* [Task goal] Identify and copy all lines of the material where the string "forall" is found.

--- START ---

(* Fix a $d$-RSK growth diagram on a Young diagram $F$ and a lattice point $p$ of $F$ such that $\mathrm{Rect}_p$ contains no se-chain of length $d$. Then every cell of $\mathrm{Rect}_p$ satisfies the RSK local rule.
   Context: Partitions: finite weakly decreasing sequences of positive integers, $\lambda_i=0$ for $i>\ell(\lambda)$; $d$-partitions have $\ell\le d$; $\alpha\prec\beta$ (also $\beta\succ\alpha$) means $\beta_1\ge\alpha_1\ge\beta_2\ge\alpha_2\ge\cdots$. Young diagrams lie in the first quadrant with unit cells at integer lattice points, left-justified, rows stacked upward; lattice points are cell corners; a filling assigns nonnegative integers to cells. For a lattice point $p=(x,y)$, $\mathrm{Rect}_p$ is the rectangle $[0,x]\times[0,y]$ viewed as a Young diagram. A se-chain is a sequence of cells with nonzero entries, each strictly below and strictly to the right of the previous; its length is the number of cells. For a cell with entry $m$ and bottom-left, top-left, bottom-right, top-right corners $\kappa,\mu,\nu,\rho$: the RSK local rule requires $\mu\succ\kappa\prec\nu$, $\mu\prec\rho\succ\nu$, $\rho_1=m+\max(\mu_1,\nu_1)$, and $\rho_i+\kappa_{i-1}=\min(\mu_{i-1},\nu_{i-1})+\max(\mu_i,\nu_i)$ for all $i\ge2$. The $d$-RSK local rule requires all four to be $d$-partitions, $\mu\succ\kappa\prec\nu$, $\mu\prec\rho\succ\nu$, $m=0$ or $\kappa_d=0$, $\rho_1+\kappa_d=m+\min(\mu_d,\nu_d)+\max(\mu_1,\nu_1)$, and $\rho_i+\kappa_{i-1}=\min(\mu_{i-1},\nu_{i-1})+\max(\mu_i,\nu_i)$ for $2\le i\le d$. A $d$-RSK growth diagram on $F$ is a filling plus a partition at each lattice point, with $\emptyset$ at all lattice points on the coordinate axes, every cell satisfying the $d$-RSK local rule. *)

theory Defs
  imports Main
begin

text \<open>Partitions are represented as functions lam :: nat => nat, with parts
  lam 1, lam 2, ... (index 0 unused and required to be 0), weakly decreasing
  and finitely supported.\<close>

type_synonym partition = "nat \<Rightarrow> nat"

definition is_partition :: "partition \<Rightarrow> bool" where
  "is_partition lam \<longleftrightarrow> lam 0 = 0 \<and> (\<forall>i\<ge>1. lam (Suc i) \<le> lam i) \<and> finite {i. lam i \<noteq> 0}"

definition empty_partition :: partition where
  "empty_partition = (\<lambda>_. 0)"

definition is_d_partition :: "nat \<Rightarrow> partition \<Rightarrow> bool" where
  "is_d_partition d lam \<longleftrightarrow> is_partition lam \<and> (\<forall>i>d. lam i = 0)"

--- END ---

* [Solved exercise]
  "is_partition lam \<longleftrightarrow> lam 0 = 0 \<and> (\<forall>i\<ge>1. lam (Suc i) \<le> lam i) \<and> finite {i. lam i \<noteq> 0}"
  "is_d_partition d lam \<longleftrightarrow> is_partition lam \<and> (\<forall>i>d. lam i = 0)"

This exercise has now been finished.